Color moment purple, orange

January 11, 2007|By DAVID STEELE

When this week ends, after the Colts leave town either in defeat or with Baltimore's heart clutched in its fists (again), it's going to be a little sad. There has never been a week quite like this in the city, and it's hard to imagine anything quite like this happening again.

This is the week of the Charm-onic Convergence.

The celestial spheres of the city's sports history have lined up simultaneously, and the infrastructure can barely stand the shock waves. All in one week, all in one place, Cal Ripken is voted into the baseball Hall of Fame and the Colts return to Baltimore for a playoff game.

Cal, Colts, Ravens - past, present, future, glory and legend and legacy dripping from everything in sight. Orange and black, purple and black, blue and white, horseshoes and black birds, high-tops and clouds of dust, Mayflower vans and sparkling new ballparks by the harbor, victory laps and the Ray-Ray dance.

What were the odds of it all happening in one week? The date of the Hall announcement was set long ago and counted down by Ripken's most rabid admirers. But at this time last year, no one thought the Ravens would be in the playoffs now, much less hosting a game, much less facing the former owner of the city's soul.

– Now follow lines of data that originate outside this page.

(* Let $K$ be a non-archimedean local field and let $G$ be a discrete subgroup of $\mathrm{PSL}_2(K)$ with no $2$-torsion. For each vertex $v$ and each edge $e$ of the Bruhat--Tits tree $T_K$, the stabilisers $G_v$ and $G_e$ each have a unique lift to $\mathrm{SL}_2(K)$; that is, for $H\in\{G_v,G_e\}$ there exists exactly one homomorphism $\phi\colon H\to\mathrm{SL}_2(K)$ with $\pi\circ\phi=\mathrm{id}_H$, where $\pi\colon\mathrm{SL}_2(K)\to\mathrm{PSL}_2(K)$ is the quotient map.
   Context: $T_K$ is the Bruhat--Tits tree on which $\mathrm{PSL}_2(K)$ acts; $G_v$, $G_e$ denote the stabilisers in $G$ of the vertex $v$ and the edge $e$. *)

theory Defs
  imports "HOL-Analysis.Determinants" "HOL-Algebra.Coset"
begin

text \<open>A valuation is given as a function v on K; only its values on nonzero
elements are meaningful (v 0 is irrelevant and never used).\<close>

definition discrete_valuation :: "('k::field \<Rightarrow> int) \<Rightarrow> bool" where
  "discrete_valuation v \<longleftrightarrow>
     (\<forall>x y. x \<noteq> 0 \<longrightarrow> y \<noteq> 0 \<longrightarrow> v (x * y) = v x + v y) \<and>
     (\<forall>x y. x \<noteq> 0 \<longrightarrow> y \<noteq> 0 \<longrightarrow> x + y \<noteq> 0 \<longrightarrow> v (x + y) \<ge> min (v x) (v y)) \<and>
     (\<exists>p. p \<noteq> 0 \<and> v p = 1)"

definition vclose :: "('k::field \<Rightarrow> int) \<Rightarrow> int \<Rightarrow> 'k \<Rightarrow> 'k \<Rightarrow> bool" where
  "vclose v N x y \<longleftrightarrow> x = y \<or> v (x - y) \<ge> N"

definition val_ring :: "('k::field \<Rightarrow> int) \<Rightarrow> 'k set" where
  "val_ring v = {x. x = 0 \<or> v x \<ge> 0}"

definition val_complete :: "('k::field \<Rightarrow> int) \<Rightarrow> bool" where
  "val_complete v \<longleftrightarrow>
     (\<forall>s :: nat \<Rightarrow> 'k.
        (\<forall>N. \<exists>M. \<forall>m\<ge>M. \<forall>n\<ge>M. vclose v N (s m) (s n)) \<longrightarrow>
        (\<exists>l. \<forall>N. \<exists>M. \<forall>n\<ge>M. vclose v N (s n) l))"

text \<open>The residue field O/m is finite: finitely many residues represent every
element of the valuation ring modulo the maximal ideal.\<close>
definition finite_residue_field :: "('k::field \<Rightarrow> int) \<Rightarrow> bool" where
  "finite_residue_field v \<longleftrightarrow>
     (\<exists>R. finite R \<and> R \<subseteq> val_ring v \<and> (\<forall>x\<in>val_ring v. \<exists>r\<in>R. vclose v 1 x r))"

definition nonarch_local_field :: "('k::field \<Rightarrow> int) \<Rightarrow> bool" where
  "nonarch_local_field v \<longleftrightarrow>
     discrete_valuation v \<and> val_complete v \<and> finite_residue_field v"

definition SL2 :: "('k::field ^2^2) monoid" where
  "SL2 = \<lparr> carrier = {A. det A = 1}, mult = (\<lambda>A B. A ** B), one = mat 1 \<rparr>"

definition centre_SL2 :: "('k::field ^2^2) set" where
  "centre_SL2 = {mat 1, - mat 1}"

definition PSL2 :: "('k::field ^2^2) set monoid" where
  "PSL2 = SL2 Mod centre_SL2"

definition proj_PSL2 :: "'k::field ^2^2 \<Rightarrow> ('k ^2^2) set" where
  "proj_PSL2 A = centre_SL2 #>\<^bsub>SL2\<^esub> A"

text \<open>Discreteness of a subgroup G of PSL2(K): some neighbourhood of the identity
in SL2(K) meets the preimage of G only in the kernel {I,-I}.\<close>
definition discrete_PSL2 :: "('k::field \<Rightarrow> int) \<Rightarrow> ('k ^2^2) set set \<Rightarrow> bool" where
  "discrete_PSL2 v G \<longleftrightarrow>
     (\<exists>N. \<forall>A\<in>\<Union>G. (\<forall>i j. vclose v N (A $ i $ j) (mat 1 $ i $ j)) \<longrightarrow> A \<in> centre_SL2)"

definition no_2_torsion :: "('k::field ^2^2) set set \<Rightarrow> bool" where
  "no_2_torsion G \<longleftrightarrow>
     (\<forall>g\<in>G. g \<otimes>\<^bsub>PSL2\<^esub> g = \<one>\<^bsub>PSL2\<^esub> \<longrightarrow> g = \<one>\<^bsub>PSL2\<^esub>)"

definition lattice :: "('k::field \<Rightarrow> int) \<Rightarrow> ('k ^2) set \<Rightarrow> bool" where
  "lattice v L \<longleftrightarrow>
     (\<exists>x y. x $ 1 * y $ 2 - x $ 2 * y $ 1 \<noteq> 0 \<and>
        L = {a *s x + b *s y | a b. a \<in> val_ring v \<and> b \<in> val_ring v})"

definition BT_vertex :: "('k::field \<Rightarrow> int) \<Rightarrow> ('k ^2) set set \<Rightarrow> bool" where
  "BT_vertex v V \<longleftrightarrow>
     (\<exists>L. lattice v L \<and> V = {(\<lambda>x. c *s x) ` L | c. c \<noteq> 0})"

definition BT_adjacent :: "('k::field \<Rightarrow> int) \<Rightarrow> ('k ^2) set set \<Rightarrow> ('k ^2) set set \<Rightarrow> bool" where
  "BT_adjacent v V W \<longleftrightarrow>
     (\<exists>L\<in>V. \<exists>L'\<in>W. \<exists>p. p \<noteq> 0 \<and> v p = 1 \<and>
        (\<lambda>x. p *s x) ` L \<subset> L' \<and> L' \<subset> L)"

definition BT_edge :: "('k::field \<Rightarrow> int) \<Rightarrow> ('k ^2) set set set \<Rightarrow> bool" where
  "BT_edge v e \<longleftrightarrow>
     (\<exists>V W. BT_vertex v V \<and> BT_vertex v W \<and> BT_adjacent v V W \<and> e = {V, W})"

definition act_vertex :: "'k::field ^2^2 \<Rightarrow> ('k ^2) set set \<Rightarrow> ('k ^2) set set" where
  "act_vertex A V = (\<lambda>L. (\<lambda>x. A *v x) ` L) ` V"

definition act_edge :: "'k::field ^2^2 \<Rightarrow> ('k ^2) set set set \<Rightarrow> ('k ^2) set set set" where
  "act_edge A e = act_vertex A ` e"

text \<open>Stabilisers in G (G a subgroup of PSL2, elements are cosets {A,-A}; the
action of such an element is that of any of its representatives).\<close>
definition stab_vertex :: "('k::field ^2^2) set set \<Rightarrow> ('k ^2) set set \<Rightarrow> ('k ^2^2) set set" where
  "stab_vertex G V = {g\<in>G. \<forall>A\<in>g. act_vertex A V = V}"

definition stab_edge :: "('k::field ^2^2) set set \<Rightarrow> ('k ^2) set set set \<Rightarrow> ('k ^2^2) set set" where
  "stab_edge G e = {g\<in>G. \<forall>A\<in>g. act_edge A e = e}"

definition unique_lift :: "('k::field ^2^2) set set \<Rightarrow> bool" where
  "unique_lift H \<longleftrightarrow>
     (\<exists>\<phi>. \<phi> \<in> hom (PSL2\<lparr>carrier := H\<rparr>) SL2 \<and> (\<forall>h\<in>H. proj_PSL2 (\<phi> h) = h) \<and>
        (\<forall>\<psi>. \<psi> \<in> hom (PSL2\<lparr>carrier := H\<rparr>) SL2 \<and> (\<forall>h\<in>H. proj_PSL2 (\<psi> h) = h)
              \<longrightarrow> (\<forall>h\<in>H. \<psi> h = \<phi> h)))"

end

theory Submission
  imports Defs "HOL-Algebra.Sylow" "HOL-Algebra.Multiplicative_Group" "HOL-Combinatorics.Permutations"
begin

(* The stabilisers are finite. If A in SL2(K) maps the class of the lattice L = P O^2 to that of
   L' = P' O^2, then P'^-1 A P maps O^2 onto a multiple of O^2 and has the fixed determinant
   det (P'^-1 P), which bounds its entries from below; so every transporter consists of matrices
   with entries of bounded valuation. Such a bounded set is covered by finitely many translates
   A' + p^N M2(O), N large, and by discreteness each translate contains representatives of at most
   one element of G, because A'^-1 A is then close to the identity.

   A finite subgroup H of PSL2(K) without 2-torsion has odd order by Sylow's theorem. Two lifts of
   H differ by a homomorphism H -> {I, -I}, which is trivial as the order is odd. In characteristic
   2 every element of PSL2(K) is a singleton. Otherwise the preimage of H in SL2(K) has order 2|H|,
   and A |-> sign of left translation by A on this preimage is a character which is -1 at -I, since
   -I acts by |H| disjoint transpositions; its kernel meets every coset {A, -A} exactly once and so
   defines the lift. *)

lemma matrix_mult_2_nth:
  "((A::'a::semiring_1^2^2) ** B) $ i $ j = A$i$1 * B$1$j + A$i$2 * B$2$j"
  by (simp add: matrix_matrix_mult_def sum_2)

lemma matrix_vector_mult_2_nth:
  "((A::'a::semiring_1^2^2) *v x) $ i = A$i$1 * x$1 + A$i$2 * x$2"
  by (simp add: matrix_vector_mult_def sum_2)

lemma mat_2_eq_iff:
  "(A::'a^2^2) = B \<longleftrightarrow> A$1$1 = B$1$1 \<and> A$1$2 = B$1$2 \<and> A$2$1 = B$2$1 \<and> A$2$2 = B$2$2"
  by (auto simp: vec_eq_iff forall_2)

lemma vec_2_eq_iff: "(x::'a^2) = y \<longleftrightarrow> x$1 = y$1 \<and> x$2 = y$2"
  by (auto simp: vec_eq_iff forall_2)

lemma mat_1_2_nth:
  "mat 1 $ 1 $ 1 = (1::'a::zero_neq_one)" "mat 1 $ (2::2) $ 2 = (1::'a)"
  "mat 1 $ 1 $ (2::2) = (0::'a)" "mat 1 $ (2::2) $ 1 = (0::'a)"
  by (simp_all add: mat_def)

lemma matrix_mult_2_uminus:
  fixes A B :: "'a::comm_ring_1^2^2"
  shows "A ** (- B) = - (A ** B)" "(- A) ** B = - (A ** B)"
  by (simp_all add: mat_2_eq_iff matrix_mult_2_nth algebra_simps)

lemma matrix_mult_2_diff:
  fixes A B C :: "'a::comm_ring_1^2^2"
  shows "A ** (B - C) = A ** B - A ** C"
  by (simp add: mat_2_eq_iff matrix_mult_2_nth algebra_simps)

lemma det_2_uminus: "det (- (A::'a::comm_ring_1^2^2)) = det A"
  by (simp add: det_2)

lemma matrix_vector_mult_2_scalar: "(A::'a::comm_ring_1^2^2) *v (c *s x) = c *s (A *v x)"
  by (simp add: vec_2_eq_iff matrix_vector_mult_2_nth algebra_simps)

definition adj2 :: "'a::comm_ring_1^2^2 \<Rightarrow> 'a^2^2" where
  "adj2 A = (\<chi> i j. if i = 1 \<and> j = 1 then A$2$2 else if i = 1 then - A$1$2
                     else if j = 1 then - A$2$1 else A$1$1)"

lemma adj2_nth:
  "adj2 A $1$1 = A$2$2" "adj2 A $1$2 = - A$1$2" "adj2 A $2$1 = - A$2$1" "adj2 A $2$2 = A$1$1"
  by (simp_all add: adj2_def)

lemma adj2_mult_det_1:
  assumes "det A = 1"
  shows "adj2 A ** A = mat 1" "A ** adj2 A = mat 1"
  using assms by (simp_all add: mat_2_eq_iff matrix_mult_2_nth adj2_nth mat_1_2_nth det_2 algebra_simps)

lemma det_adj2: "det (adj2 A) = det A"
  by (simp add: det_2 adj2_nth algebra_simps)

lemma adj2_uminus: "adj2 (- A) = - adj2 A"
  by (simp add: mat_2_eq_iff adj2_nth)

lemma uminus_mat_1_neq:
  assumes "(2::'a::field) \<noteq> 0"
  shows "- mat 1 \<noteq> (mat 1 :: 'a^2^2)"
  using assms by (simp add: mat_2_eq_iff mat_1_2_nth eq_neg_iff_add_eq_0)

lemma uminus_matrix_neq:
  assumes "(2::'a::field) \<noteq> 0" and "det (A::'a^2^2) = 1"
  shows "- A \<noteq> A"
proof
  assume "- A = A"
  then have "- mat 1 = (mat 1 :: 'a^2^2)"
    using adj2_mult_det_1(1)[OF assms(2)] by (metis matrix_mult_2_uminus(1))
  with uminus_mat_1_neq[OF assms(1)] show False ..
qed

lemma uminus_matrix_char_2:
  assumes "(2::'a::field) = 0"
  shows "- (A::'a^2^2) = A"
proof -
  have "- x = x" for x :: 'a
    using assms by (metis add_eq_0_iff mult_2 mult_zero_left one_add_one)
  then show ?thesis by (simp add: mat_2_eq_iff)
qed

The passion aroused by that unexpected development threatened to drown out the Ripken celebration - for a couple of minutes, about as long as it took to remember exactly what he, and the Orioles, did and do mean to this city. Somehow, everyone would have to share the space, even if the surge of nostalgia (and every other emotion) threatened to burst the city, and the brains of the fans, at the seams.

This week, despite all evidence that the Ravens have taken over Baltimore, it's clear that this still is also an Orioles town - and a Colts town.

Somehow, everything remained intact Tuesday evening after a crazy collision of memories, joyful and bitter alike, stretching all over the metropolitan area, but concentrated at the warehouse downtown and at the Castle in Owings Mills.

To the north Tuesday, Ravens players and coaches talked publicly for the first time since the grudge match was set. To the south, a couple of hours later, Ripken sat with his family in a packed room, donning his Hall of Fame cap.

To get from one to the other Tuesday - and a mob of reporters, local and national, did just that - one passed City Hall, dome lit in purple and with a banner up high proclaiming itself as a chapter of the Ravens Roost. It also sported a smaller, simpler, more direct and instantly recognizable banner on the railing near street level: RIPKEN 8.

Then, entrance into the warehouse for Ripken's Hall of Fame news conference took one past the Camden Yards MARC station - itself sporting an advertising banner for a sports drink, featuring a certain very recognizable linebacker for the current local football heroes.

BOTTLED FURY, reads that sign.

When it comes to the Ravens' predecessors, the fury isn't bottled, of course. Actually, little of any emotion has been bottled in town this week. It was no surprise that when Ripken entered the room to talk about his entrance into Cooperstown, many in the assembled media committed a minor protocol breach and broke into applause. Same thing when he left the podium.

Hearing Ripken talk about his playing days, all that was missing was the background music from Field of Dreams and James Earl Jones' soliloquy.

When Ripken was asked if one day he might return to the organization in some capacity, and he replied, "You certainly never rule that out," you could almost hear all the eyebrows in the room raise in anticipation.

Overall, though, there still was an undercurrent of melancholy, even before Ripken talked about missing Cal Sr. and his old teammates and the highlights of his career. The thoughts of a once-proud and beloved franchise run aground, starting when Ripken's days were coming to an end, were unavoidable.

As if to drive that feeling home, the 2,131st game was rebroadcast that night. Uh-oh, I got something in my eye again.

All of which, of course, ties that story to the other monumental sports story in town. The demise, the departure, the return and rebirth, but still the wound, reopened and rubbed raw again this week.

Give the Ravens' players credit, by the way. They don't have first-hand knowledge of the angst-fest of the last two decades here (Not that they're supposed to, all right? Cut them some slack already), but they have a firm grasp of their own place in this city's psyche - and of Ripken's. They might not have been very clear on Unitas, but they get Cal.

"What he did for baseball, putting baseball on his back when baseball wasn't popular, that's why he's the man," Bart Scott said. An impressive testimonial from him, considering that 1) he regularly wears baseball throwbacks, but insists he isn't a baseball fan, and 2) earlier on the same day, he essentially put a hit out on the Colts' Joseph Addai and aimed his bottle of hot sauce at Peyton Manning.

In all seriousness, though, Scott understands the Ripken aura. "He brought the fans back. He was huge for baseball. He gave fans a reason to respect the game," he said. "He's one of the greatest Baltimore heroes ever."

Added Gary Stills: "This is big, and Cal Ripken is big. One can't overshadow the other. You can be a fan of both and celebrate both. This is a big city, it can handle both."

He's right.

But admit it, Baltimore, it's a lot to handle. You're not sleeping, you're not dying, but this week, your entire sports life really is flashing before your eyes.